:: Task data ::

(* Let $a\ge b\ge2$ be integers with $a/b\in\mathbb Z$, $\beta>1$ the positive root of $\beta^2=a\beta+b$, and $\beta'=a-\beta$. Then for each $n\in\mathbb N$, \[ \inf_{j\in\mathbb Z}P_{\mathbf h(j)}(\beta')\in\Big\{\mu_n+(\beta')^{2n}\tfrac{b-1}{1-(\beta')^2}\,t:\ t\in[\beta',0]\Big\}, \qquad \mu_n=\min_{j\in\{0,1,\dots,b^n-1\}}P_{\mathrm{Pref}_{2n}(\mathbf h(j))}(\beta'). \]
   Context: For an algebraic integer $\beta$, the $\beta$-adic expansion of $x\in\mathbb Z[\beta]$ is the unique infinite word $\mathbf h(x)=u_0u_1u_2\cdots$ with $u_n\in\{0,1,\dots,|N(\beta)|-1\}$ such that $x-\sum_{i=0}^{n-1}u_i\beta^i\in\beta^n\mathbb Z[\beta]$ for all $n\in\mathbb N$; here $|N(\beta)|=b$. $\mathrm{Pref}_n(\mathbf u)$ denotes the prefix of length $n$ of an infinite word $\mathbf u$. For a finite word $w=w_0\cdots w_{k-1}$, $P_w(X)=\sum_{i=0}^{k-1}w_iX^i$; for an infinite word, $P_{\mathbf u}(X)=\sum_{i\ge0}u_iX^i$. *)

theory Defs
  imports Complex_Main
begin

definition Zbeta :: "real \<Rightarrow> real set" where
  "Zbeta \<beta> = {\<Sum>i<k. of_int (c i) * \<beta> ^ i | c k. True}"

text \<open>beta-adic expansion of x with digits in {0,...,D-1} (D = |N(beta)|):
  the unique digit sequence u with x - sum_{i<n} u_i beta^i in beta^n Z[beta] for all n.\<close>
definition beta_expansion :: "real \<Rightarrow> nat \<Rightarrow> real \<Rightarrow> (nat \<Rightarrow> nat)" where
  "beta_expansion \<beta> D x = (THE u. (\<forall>n. u n < D) \<and>
      (\<forall>n. \<exists>z\<in>Zbeta \<beta>. x - (\<Sum>i<n. real (u i) * \<beta> ^ i) = \<beta> ^ n * z))"

definition P_pref :: "(nat \<Rightarrow> nat) \<Rightarrow> nat \<Rightarrow> real \<Rightarrow> real" where
  "P_pref u k X = (\<Sum>i<k. real (u i) * X ^ i)"

definition P_inf :: "(nat \<Rightarrow> nat) \<Rightarrow> real \<Rightarrow> real" where
  "P_inf u X = (\<Sum>i. real (u i) * X ^ i)"

end

theory Submission
  imports Defs "HOL-Library.Product_Plus"
begin

text \<open>Write an element of Z[beta] as p + q beta. Its beta-adic digit is p mod b, and since
  b / beta = beta - a, removing that digit and dividing by beta leaves (q - a k) + k beta with
  k = p div b. Because b divides a, changing (p, q) by b^K (t, s) changes the state after two steps
  by b^(K-1) times an integer vector, so the first 2K digits stay fixed. Hence the first 2n digits
  of an integer j only depend on j mod b^n, and by correcting j with suitable multiples of b^n,
  b^(n+1), ... the even-indexed digits from position 2n on can be made 0 for as long as we like.
  As -1 < beta' < 0, a digit tail starting at position 2n contributes between
  beta'^(2n) (b-1) beta' / (1 - beta'^2) and beta'^(2n) (b-1) / (1 - beta'^2), and the upper bound
  tends to 0 when the even tail digits vanish for long. So the infimum lies between
  mu_n + beta'^(2n) (b-1) beta' / (1 - beta'^2) and mu_n.\<close>

text \<open>A state (p, q) stands for p + q beta, where beta^2 = A beta + B.\<close>

definition beta_step :: "int \<Rightarrow> int \<Rightarrow> int \<times> int \<Rightarrow> int \<times> int" where
  "beta_step A B x = (snd x - A * (fst x div B), fst x div B)"

definition beta_digit :: "int \<Rightarrow> int \<Rightarrow> nat \<Rightarrow> int \<times> int \<Rightarrow> int" where
  "beta_digit A B i x = fst ((beta_step A B ^^ i) x) mod B"

text \<open>For A = B c, a perturbation B (t, s) of the state reappears after two steps as
  beta_carry A c (t, s).\<close>

definition beta_carry :: "int \<Rightarrow> int \<Rightarrow> int \<times> int \<Rightarrow> int \<times> int" where
  "beta_carry A c x = (fst x + A * c * fst x - A * snd x, snd x - c * fst x)"

lemma beta_digit_shift: "beta_digit A B (i + m) x = beta_digit A B i ((beta_step A B ^^ m) x)"
  by (simp add: beta_digit_def funpow_add)

lemma beta_step_twice_perturb:
  assumes B: "B > 0" and A: "A = B * c"
  shows "(beta_step A B ^^ 2) (p + B * t, q + B * s)
           = (beta_step A B ^^ 2) (p, q) + beta_carry A c (t, s)"
    and "i < 2 \<Longrightarrow> beta_digit A B i (p + B * t, q + B * s) = beta_digit A B i (p, q)"
proof -
  define k where "k = p div B"
  define q' where "q' = q - A * k"
  have div1: "(p + B * t) div B = k + t"
    using B by (simp add: k_def)
  have rest1: "q + B * s - A * (k + t) = q' + B * (s - c * t)"
    using A by (simp add: q'_def algebra_simps)
  have div2: "(q' + B * (s - c * t)) div B = q' div B + (s - c * t)"
    using B by simp
  have "(beta_step A B ^^ 2) (p, q) = (k - A * (q' div B), q' div B)"
    by (simp add: numeral_2_eq_2 beta_step_def k_def q'_def)
  moreover have "(beta_step A B ^^ 2) (p + B * t, q + B * s)
                   = (k + t - A * (q' div B + (s - c * t)), q' div B + (s - c * t))"
    by (simp add: numeral_2_eq_2 beta_step_def div1 rest1 div2)
  ultimately show "(beta_step A B ^^ 2) (p + B * t, q + B * s)
                     = (beta_step A B ^^ 2) (p, q) + beta_carry A c (t, s)"
    by (simp add: beta_carry_def A algebra_simps)
  assume "i < 2"
  then consider "i = 0" | "i = 1" by linarith
  then show "beta_digit A B i (p + B * t, q + B * s) = beta_digit A B i (p, q)"
    by cases (simp_all add: beta_digit_def beta_step_def div1 rest1 flip: k_def q'_def)
qed

lemma beta_step_twice_perturb_power:
  assumes "B > 0" and "A = B * c"
  shows "(beta_step A B ^^ 2) (p + B ^ Suc K * t, q + B ^ Suc K * s)
           = (fst ((beta_step A B ^^ 2) (p, q)) + B ^ K * fst (beta_carry A c (t, s)),
              snd ((beta_step A B ^^ 2) (p, q)) + B ^ K * snd (beta_carry A c (t, s)))"
  using beta_step_twice_perturb(1)[OF assms, of p "B ^ K * t" q "B ^ K * s"]
  by (simp add: beta_carry_def prod_eq_iff algebra_simps)

lemma beta_steps_perturb:
  assumes "B > 0" and "A = B * c"
  shows "(beta_step A B ^^ (2 * K)) (p + B ^ K * t, q + B ^ K * s)
           = (beta_step A B ^^ (2 * K)) (p, q) + (beta_carry A c ^^ K) (t, s)"
proof (induction K arbitrary: p q t s)
  case (Suc K)
  obtain p' q' where pq: "(beta_step A B ^^ 2) (p, q) = (p', q')"
    by fastforce
  obtain t' s' where ts: "beta_carry A c (t, s) = (t', s')"
    by fastforce
  have split: "(beta_step A B ^^ (2 * Suc K)) x = (beta_step A B ^^ (2 * K)) ((beta_step A B ^^ 2) x)" for x
    by (simp only: mult_Suc_right add.commute[of 2] funpow_add comp_apply)
  have "(beta_step A B ^^ (2 * Suc K)) (p + B ^ Suc K * t, q + B ^ Suc K * s)
          = (beta_step A B ^^ (2 * K)) (p' + B ^ K * t', q' + B ^ K * s')"
    unfolding split beta_step_twice_perturb_power[OF assms, of p K t q s, unfolded pq ts fst_conv snd_conv] ..
  also have "\<dots> = (beta_step A B ^^ (2 * K)) (p', q') + (beta_carry A c ^^ K) (t', s')"
    by (rule Suc.IH)
  also have "\<dots> = (beta_step A B ^^ (2 * Suc K)) (p, q) + (beta_carry A c ^^ Suc K) (t, s)"
    unfolding split pq funpow_Suc_right comp_apply ts ..
  finally show ?case .
qed simp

:::

-- What is needed --
Retype the records above, but only those lines that fall between the line containing "theory Submission" and the line containing "k = p div b.", with both of those lines included, exactly as written.

-- Your solution --
theory Submission
  imports Defs "HOL-Library.Product_Plus"
begin

text \<open>Write an element of Z[beta] as p + q beta. Its beta-adic digit is p mod b, and since
  b / beta = beta - a, removing that digit and dividing by beta leaves (q - a k) + k beta with
  k = p div b. Because b divides a, changing (p, q) by b^K (t, s) changes the state after two steps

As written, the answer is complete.